(* Let $a,b,c,p\in\mathbb{C}$ with $-c\notin\mathbb{N}\cup\{0\}$. Suppose that \[ \sinh(pz)F(a,b;c;z)=\sum_{n=0}^\infty\frac{u_n-v_n}{2}z^n,\qquad |z|<1, \] where $u_n,v_n$ are given as follows: $u_0=1$, $u_1=\frac{ab}{c}+p$, $u_2=\frac{a(1+a)b(1+b)}{2c(1+c)}+\frac{abp}{c}+\frac{p^2}{2}$, $v_0=1$, $v_1=\frac{ab}{c}-p$, $v_2=\frac{a(1+a)b(1+b)}{2c(1+c)}-\frac{abp}{c}+\frac{p^2}{2}$, and for all integers $n\ge2$, \[ u_{n+1}=\frac{(a+n)(b+n)+p(c+2n)}{(n+1)(c+n)}u_n-\frac{p(a+b+2n+p-1)}{(n+1)(c+n)}u_{n-1}+\frac{p^2}{(n+1)(c+n)}u_{n-2}, \] \[ v_{n+1}=\frac{(a+n)(b+n)-p(c+2n)}{(n+1)(c+n)}v_n+\frac{p(a+b+2n-p-1)}{(n+1)(c+n)}v_{n-1}+\frac{p^2}{(n+1)(c+n)}v_{n-2}. \] That is: with $(u_n)$ and $(v_n)$ defined by these initial values and recurrences, the displayed expansion holds.
   Context: For $a\in\mathbb{C}$, $(a)_n=a(a+1)\cdots(a+n-1)$ denotes the Pochhammer symbol, with $(a)_0=1$. For $a,b,c\in\mathbb{C}$ with $-c\notin\mathbb{N}\cup\{0\}$, the Gaussian hypergeometric function is $F(a,b;c;z)=\sum_{n=0}^\infty \frac{(a)_n(b)_n}{(c)_n\,n!}z^n$, $|z|<1$. *)

theory Defs
  imports "HOL-Analysis.Analysis"
begin

definition hyp2F1 :: "complex \<Rightarrow> complex \<Rightarrow> complex \<Rightarrow> complex \<Rightarrow> complex" where
  "hyp2F1 a b c z = (\<Sum>n. pochhammer a n * pochhammer b n / (pochhammer c n * fact n) * z ^ n)"

fun useq :: "complex \<Rightarrow> complex \<Rightarrow> complex \<Rightarrow> complex \<Rightarrow> nat \<Rightarrow> complex" where
  "useq a b c p 0 = 1"
| "useq a b c p (Suc 0) = a * b / c + p"
| "useq a b c p (Suc (Suc 0)) =
     a * (1 + a) * b * (1 + b) / (2 * c * (1 + c)) + a * b * p / c + p ^ 2 / 2"
| "useq a b c p (Suc (Suc (Suc m))) =
     (let n = of_nat (Suc (Suc m)) :: complex in
       ((a + n) * (b + n) + p * (c + 2 * n)) / ((n + 1) * (c + n)) * useq a b c p (Suc (Suc m))
       - p * (a + b + 2 * n + p - 1) / ((n + 1) * (c + n)) * useq a b c p (Suc m)
       + p ^ 2 / ((n + 1) * (c + n)) * useq a b c p m)"

fun vseq :: "complex \<Rightarrow> complex \<Rightarrow> complex \<Rightarrow> complex \<Rightarrow> nat \<Rightarrow> complex" where
  "vseq a b c p 0 = 1"
| "vseq a b c p (Suc 0) = a * b / c - p"
| "vseq a b c p (Suc (Suc 0)) =
     a * (1 + a) * b * (1 + b) / (2 * c * (1 + c)) - a * b * p / c + p ^ 2 / 2"
| "vseq a b c p (Suc (Suc (Suc m))) =
     (let n = of_nat (Suc (Suc m)) :: complex in
       ((a + n) * (b + n) - p * (c + 2 * n)) / ((n + 1) * (c + n)) * vseq a b c p (Suc (Suc m))
       + p * (a + b + 2 * n - p - 1) / ((n + 1) * (c + n)) * vseq a b c p (Suc m)
       + p ^ 2 / ((n + 1) * (c + n)) * vseq a b c p m)"

end

theory Submission
  imports Defs "HOL-Computational_Algebra.Formal_Power_Series"
begin

text \<open>
  The sequence \<open>u\<^sub>n\<close> is the coefficient sequence of \<open>e\<^sup>p\<^sup>z F(a,b;c;z)\<close>, and \<open>v\<^sub>n\<close> is the same
  sequence with \<open>p\<close> replaced by \<open>-p\<close>; hence \<open>(u\<^sub>n - v\<^sub>n)/2\<close> are the coefficients of
  \<open>sinh(pz) F(a,b;c;z)\<close>. To identify the coefficients, note that \<open>U = e\<^sup>q\<^sup>z F\<close> satisfies the
  hypergeometric equation conjugated by \<open>e\<^sup>q\<^sup>z\<close>, a second order equation with polynomial
  coefficients of degree at most two, and comparing coefficients in it yields exactly the
  recurrence defining \<open>u\<^sub>n\<close>. Convergence for \<open>|z| < 1\<close> follows since \<open>F\<close> has radius of
  convergence at least 1 (ratio test) and the exponential series is entire.
\<close>

lemma tendsto_shifted_of_nat_ratio:
  fixes a c :: "'a :: real_normed_field"
  shows "(\<lambda>n. (a + of_nat n) / (c + of_nat n)) \<longlonglongrightarrow> 1"
proof -
  have "(\<lambda>n. 1 + (a - c) / (c + of_nat n)) \<longlonglongrightarrow> 1 + 0"
    by (intro tendsto_add tendsto_const tendsto_divide_0[OF tendsto_const]
          tendsto_add_filterlim_at_infinity[OF tendsto_const] tendsto_of_nat)
  moreover have "eventually (\<lambda>n. 1 + (a - c) / (c + of_nat n) = (a + of_nat n) / (c + of_nat n)) sequentially"
  proof -
    have "eventually (\<lambda>n. c + of_nat n \<noteq> 0) sequentially"
      by (intro filterlim_at_infinity_imp_eventually_ne
            tendsto_add_filterlim_at_infinity[OF tendsto_const tendsto_of_nat])
    then show ?thesis by eventually_elim (auto simp: field_simps)
  qed
  ultimately show ?thesis by (simp add: tendsto_cong)
qed

lemma shifted_of_nat_product_neq_0:
  fixes c :: "'a :: {ring_char_0, ring_no_zero_divisors}"
  assumes "\<forall>n::nat. c \<noteq> - of_nat n"
  shows "(of_nat n + 1) * (c + of_nat n) \<noteq> 0"
proof -
  have "(of_nat n + 1 :: 'a) = of_nat (Suc n)" by simp
  then show ?thesis using assms by (auto simp: add_eq_0_iff2 simp del: of_nat_Suc)
qed

definition hyp2F1_fps :: "'a :: field_char_0 \<Rightarrow> 'a \<Rightarrow> 'a \<Rightarrow> 'a fps" where
  "hyp2F1_fps a b c = Abs_fps (\<lambda>n. pochhammer a n * pochhammer b n / (pochhammer c n * fact n))"

lemma hyp2F1_fps_nth_Suc:
  fixes a b c :: "'a :: field_char_0"
  assumes "\<forall>n::nat. c \<noteq> - of_nat n"
  shows "(of_nat n + 1) * (c + of_nat n) * fps_nth (hyp2F1_fps a b c) (Suc n)
           = (a + of_nat n) * (b + of_nat n) * fps_nth (hyp2F1_fps a b c) n"
proof -
  have "pochhammer c n \<noteq> 0" using assms by (auto simp: pochhammer_eq_0_iff)
  with shifted_of_nat_product_neq_0[OF assms, of n] show ?thesis
    unfolding hyp2F1_fps_def fps_nth_Abs_fps pochhammer_Suc fact_Suc of_nat_mult of_nat_Suc
    by (simp add: divide_simps ac_simps)
qed

lemma fps_conv_radius_hyp2F1_fps:
  fixes a b c :: "'a :: {real_normed_field, banach}"
  assumes "\<forall>n::nat. c \<noteq> - of_nat n"
  shows "fps_conv_radius (hyp2F1_fps a b c) \<ge> 1"
  unfolding fps_conv_radius_def
proof (rule conv_radius_geI_ex')
  fix r :: real
  assume "0 < r" "ereal r < 1"
  then have "r < 1" by simp
  define F where "F = fps_nth (hyp2F1_fps a b c)"
  define \<rho> where "\<rho> n = (a + of_nat n) * (b + of_nat n) / ((of_nat n + 1) * (c + of_nat n))" for n
  have "(\<lambda>n. (a + of_nat n) / (of_nat n + 1)) \<longlonglongrightarrow> 1"
    using tendsto_shifted_of_nat_ratio[of a 1] by (simp add: add.commute)
  then have "\<rho> \<longlonglongrightarrow> 1 * 1"
    unfolding \<rho>_def times_divide_times_eq[symmetric]
    by (intro tendsto_mult tendsto_shifted_of_nat_ratio)
  then have "(\<lambda>n. norm (\<rho> n) * r) \<longlonglongrightarrow> norm (1 * 1 :: 'a) * r"
    by (intro tendsto_mult_right tendsto_norm)
  moreover have "norm (1 * 1 :: 'a) * r < (1 + r) / 2" using \<open>r < 1\<close> by simp
  ultimately have "eventually (\<lambda>n. norm (\<rho> n) * r < (1 + r) / 2) sequentially"
    by (rule order_tendstoD(2))
  then obtain N where N: "\<And>n. n \<ge> N \<Longrightarrow> norm (\<rho> n) * r < (1 + r) / 2"
    unfolding eventually_sequentially by blast
  show "summable (\<lambda>n. F n * of_real r ^ n)"
  proof (rule summable_ratio_test)
    show "(1 + r) / 2 < 1" using \<open>r < 1\<close> by simp
  next
    fix n assume "n \<ge> N"
    have "F (Suc n) = \<rho> n * F n"
      using hyp2F1_fps_nth_Suc[OF assms, of n a b] shifted_of_nat_product_neq_0[OF assms, of n]
      unfolding F_def \<rho>_def by (simp add: eq_divide_eq mult_ac)
    then have "norm (F (Suc n) * of_real r ^ Suc n) = norm (\<rho> n) * r * norm (F n * of_real r ^ n)"
      using \<open>0 < r\<close> by (simp add: norm_mult norm_power)
    also have "\<dots> \<le> (1 + r) / 2 * norm (F n * of_real r ^ n)"
      using N[OF \<open>n \<ge> N\<close>] by (intro mult_right_mono) auto
    finally show "norm (F (Suc n) * of_real r ^ Suc n) \<le> (1 + r) / 2 * norm (F n * of_real r ^ n)" .
  qed
qed

lemma eval_fps_hyp2F1_fps: "eval_fps (hyp2F1_fps a b c) z = hyp2F1 a b c z"
  by (simp add: eval_fps_def hyp2F1_fps_def hyp2F1_def)

definition hyp2F1_operator :: "'a :: comm_ring_1 \<Rightarrow> 'a \<Rightarrow> 'a \<Rightarrow> 'a fps \<Rightarrow> 'a fps" where
  "hyp2F1_operator a b c F =
     fps_X * (1 - fps_X) * fps_deriv (fps_deriv F)
     + (fps_const c - fps_const (a + b + 1) * fps_X) * fps_deriv F - fps_const (a * b) * F"

text \<open>The operator \<open>U \<mapsto> e\<^sup>q\<^sup>z L(e\<^sup>-\<^sup>q\<^sup>z U)\<close>, where \<open>L\<close> is \<^const>\<open>hyp2F1_operator\<close>.\<close>

definition exp_hyp2F1_operator :: "'a :: comm_ring_1 \<Rightarrow> 'a \<Rightarrow> 'a \<Rightarrow> 'a \<Rightarrow> 'a fps \<Rightarrow> 'a fps" where
  "exp_hyp2F1_operator a b c q U =
     fps_X * (1 - fps_X) * fps_deriv (fps_deriv U)
     + (fps_const c - fps_const (a + b + 1 + 2 * q) * fps_X + fps_const (2 * q) * fps_X ^ 2) * fps_deriv U
     - (fps_const (a * b + q * c) - fps_const (q * (a + b + q + 1)) * fps_X
        + fps_const (q ^ 2) * fps_X ^ 2) * U"

lemma hyp2F1_operator_hyp2F1_fps:
  fixes a b c :: "'a :: field_char_0"
  assumes "\<forall>n::nat. c \<noteq> - of_nat n"
  shows "hyp2F1_operator a b c (hyp2F1_fps a b c) = 0"
proof (rule fps_ext)
  fix n
  show "fps_nth (hyp2F1_operator a b c (hyp2F1_fps a b c)) n = fps_nth 0 n"
    using hyp2F1_fps_nth_Suc[OF assms, of n a b] unfolding hyp2F1_operator_def
    by (cases n) (simp_all add: algebra_simps fps_X_power_mult_nth)
qed

lemma exp_hyp2F1_operator_fps_exp_mult:
  fixes a b c q :: "'a :: field_char_0"
  shows "exp_hyp2F1_operator a b c q (fps_exp q * F) = fps_exp q * hyp2F1_operator a b c F"
proof -
  define U where "U = fps_exp q * F"
  have U': "fps_deriv U = fps_exp q * (fps_const q * F + fps_deriv F)"
    by (simp add: U_def algebra_simps)
  have U'': "fps_deriv (fps_deriv U) = fps_exp q *
      (fps_const q * fps_const q * F + 2 * fps_const q * fps_deriv F + fps_deriv (fps_deriv F))"
    unfolding U' by (simp add: algebra_simps mult_2)
  have fps_const_expand: "fps_const (a + b + 1) = fps_const a + fps_const b + 1"
    "fps_const (a + b + 1 + 2 * q) = fps_const a + fps_const b + 1 + 2 * fps_const q"
    "fps_const (2 * q) = 2 * fps_const q" "fps_const (a * b) = fps_const a * fps_const b"
    "fps_const (a * b + q * c) = fps_const a * fps_const b + fps_const q * fps_const c"
    "fps_const (q * (a + b + q + 1)) = fps_const q * (fps_const a + fps_const b + fps_const q + 1)"
    "fps_const (q ^ 2) = fps_const q * fps_const q"
    by (simp_all add: numeral_fps_const power2_eq_square)
  show ?thesis
    unfolding exp_hyp2F1_operator_def hyp2F1_operator_def U_def[symmetric]
    unfolding U'' unfolding U' unfolding fps_const_expand U_def by algebra
qed

lemma fps_nth_Suc_if_exp_hyp2F1_operator_eq_0:
  fixes a b c q :: "'a :: comm_ring_1"
  assumes "exp_hyp2F1_operator a b c q U = 0" and "n \<ge> 2"
  shows "(of_nat n + 1) * (c + of_nat n) * fps_nth U (Suc n) =
           ((a + of_nat n) * (b + of_nat n) + q * (c + 2 * of_nat n)) * fps_nth U n
           - q * (a + b + 2 * of_nat n + q - 1) * fps_nth U (n - 1) + q ^ 2 * fps_nth U (n - 2)"
proof -
  obtain m where n: "n = Suc (Suc m)" using \<open>n \<ge> 2\<close> by (metis add_2_eq_Suc le_Suc_ex)
  have "fps_nth (exp_hyp2F1_operator a b c q U) n = 0"
    using assms(1) by simp
  then show ?thesis
    unfolding n exp_hyp2F1_operator_def
    apply (simp add: ring_distribs mult.assoc fps_X_power_mult_nth del: power_Suc)
    apply (simp add: algebra_simps)
    done
qed

lemma useq_eq_fps_nth:
  assumes "\<forall>n::nat. c \<noteq> - of_nat n"
  shows "useq a b c q n = fps_nth (fps_exp q * hyp2F1_fps a b c) n"
  using assms
proof (induction a b c q n rule: useq.induct)
  case (1 a b c q)
  then show ?case by (simp add: fps_mult_nth hyp2F1_fps_def)
next
  case (2 a b c q)
  then have "c \<noteq> 0" using "2.prems"[rule_format, of 0] by simp
  then show ?case by (simp add: fps_mult_nth hyp2F1_fps_def field_simps)
next
  case (3 a b c q)
  then have "c \<noteq> 0" "1 + c \<noteq> 0"
    using "3.prems"[rule_format, of 0] "3.prems"[rule_format, of 1] by (auto simp: add_eq_0_iff)
  then show ?case by (simp add: fps_mult_nth hyp2F1_fps_def field_simps numeral_2_eq_2 pochhammer_Suc)
next
  case (4 a b c q m)
  define U where "U = fps_nth (fps_exp q * hyp2F1_fps a b c)"
  define N :: complex where "N = of_nat (Suc (Suc m))"
  have "exp_hyp2F1_operator a b c q (fps_exp q * hyp2F1_fps a b c) = 0"
    by (simp add: exp_hyp2F1_operator_fps_exp_mult hyp2F1_operator_hyp2F1_fps "4.prems")
  from fps_nth_Suc_if_exp_hyp2F1_operator_eq_0[OF this, of "Suc (Suc m)"]
  have "(N + 1) * (c + N) * U (Suc (Suc (Suc m))) =
      ((a + N) * (b + N) + q * (c + 2 * N)) * U (Suc (Suc m))
      - q * (a + b + 2 * N + q - 1) * U (Suc m) + q ^ 2 * U m"
    unfolding U_def N_def by simp
  moreover have "(N + 1) * (c + N) \<noteq> 0"
    using shifted_of_nat_product_neq_0[OF "4.prems"] unfolding N_def .
  ultimately have "U (Suc (Suc (Suc m))) =
      (((a + N) * (b + N) + q * (c + 2 * N)) * U (Suc (Suc m))
       - q * (a + b + 2 * N + q - 1) * U (Suc m) + q ^ 2 * U m) / ((N + 1) * (c + N))"
    by (simp add: eq_divide_eq mult.commute)
  also have "\<dots> =
      ((a + N) * (b + N) + q * (c + 2 * N)) / ((N + 1) * (c + N)) * U (Suc (Suc m))
      - q * (a + b + 2 * N + q - 1) / ((N + 1) * (c + N)) * U (Suc m)
      + q ^ 2 / ((N + 1) * (c + N)) * U m"
    by (simp only: times_divide_eq_left flip: diff_divide_distrib add_divide_distrib)
  finally show ?case
    using 4 by (simp add: Let_def U_def N_def)
qed

lemma vseq_eq_useq_uminus: "vseq a b c p n = useq a b c (- p) n"
  by (induction a b c p n rule: vseq.induct)
     (simp_all add: Let_def diff_divide_distrib add_divide_distrib algebra_simps)

lemma useq_sums:
  fixes a b c q z :: complex
  assumes "\<forall>n::nat. c \<noteq> - of_nat n" and "norm z < 1"
  shows "(\<lambda>n. useq a b c q n * z ^ n) sums (exp (q * z) * hyp2F1 a b c z)"
proof -
  have "ereal (norm z) < 1" using assms(2) by simp
  with fps_conv_radius_hyp2F1_fps[OF assms(1)]
  have F: "norm z < fps_conv_radius (hyp2F1_fps a b c)" by (rule order.strict_trans2[rotated])
  moreover have "fps_conv_radius (hyp2F1_fps a b c) \<le> fps_conv_radius (fps_exp q * hyp2F1_fps a b c)"
    using fps_conv_radius_mult[of "fps_exp q" "hyp2F1_fps a b c"] by simp
  ultimately have "norm z < fps_conv_radius (fps_exp q * hyp2F1_fps a b c)"
    by (rule less_le_trans)
  from sums_eval_fps[OF this] F show ?thesis
    by (simp add: useq_eq_fps_nth[OF assms(1)] eval_fps_mult eval_fps_hyp2F1_fps)
qed

theorem theorem3p2:
  fixes a b c p z :: complex
  assumes "\<forall>n::nat. c \<noteq> - of_nat n"
    and "norm z < 1"
  shows "(\<lambda>n. (useq a b c p n - vseq a b c p n) / 2 * z ^ n) sums (sinh (p * z) * hyp2F1 a b c z)"
proof -
  have "(\<lambda>n. (useq a b c p n * z ^ n - useq a b c (- p) n * z ^ n) / 2) sums
      ((exp (p * z) * hyp2F1 a b c z - exp (- p * z) * hyp2F1 a b c z) / 2)"
    by (intro sums_divide sums_diff useq_sums assms)
  moreover have "(exp (p * z) * hyp2F1 a b c z - exp (- p * z) * hyp2F1 a b c z) / 2
      = sinh (p * z) * hyp2F1 a b c z"
    by (simp add: sinh_field_def algebra_simps diff_divide_distrib)
  moreover have "(\<lambda>n. (useq a b c p n * z ^ n - useq a b c (- p) n * z ^ n) / 2)
      = (\<lambda>n. (useq a b c p n - vseq a b c p n) / 2 * z ^ n)"
    by (simp add: vseq_eq_useq_uminus fun_eq_iff algebra_simps diff_divide_distrib)
  ultimately show ?thesis by simp
qed

end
◆ ◆ ◆
Where the material contains a line with "follows", return that line.

## Task response
(* Let $a,b,c,p\in\mathbb{C}$ with $-c\notin\mathbb{N}\cup\{0\}$. Suppose that \[ \sinh(pz)F(a,b;c;z)=\sum_{n=0}^\infty\frac{u_n-v_n}{2}z^n,\qquad |z|<1, \] where $u_n,v_n$ are given as follows: $u_0=1$, $u_1=\frac{ab}{c}+p$, $u_2=\frac{a(1+a)b(1+b)}{2c(1+c)}+\frac{abp}{c}+\frac{p^2}{2}$, $v_0=1$, $v_1=\frac{ab}{c}-p$, $v_2=\frac{a(1+a)b(1+b)}{2c(1+c)}-\frac{abp}{c}+\frac{p^2}{2}$, and for all integers $n\ge2$, \[ u_{n+1}=\frac{(a+n)(b+n)+p(c+2n)}{(n+1)(c+n)}u_n-\frac{p(a+b+2n+p-1)}{(n+1)(c+n)}u_{n-1}+\frac{p^2}{(n+1)(c+n)}u_{n-2}, \] \[ v_{n+1}=\frac{(a+n)(b+n)-p(c+2n)}{(n+1)(c+n)}v_n+\frac{p(a+b+2n-p-1)}{(n+1)(c+n)}v_{n-1}+\frac{p^2}{(n+1)(c+n)}v_{n-2}. \] That is: with $(u_n)$ and $(v_n)$ defined by these initial values and recurrences, the displayed expansion holds.
  recurrence defining \<open>u\<^sub>n\<close>. Convergence for \<open>|z| < 1\<close> follows since \<open>F\<close> has radius of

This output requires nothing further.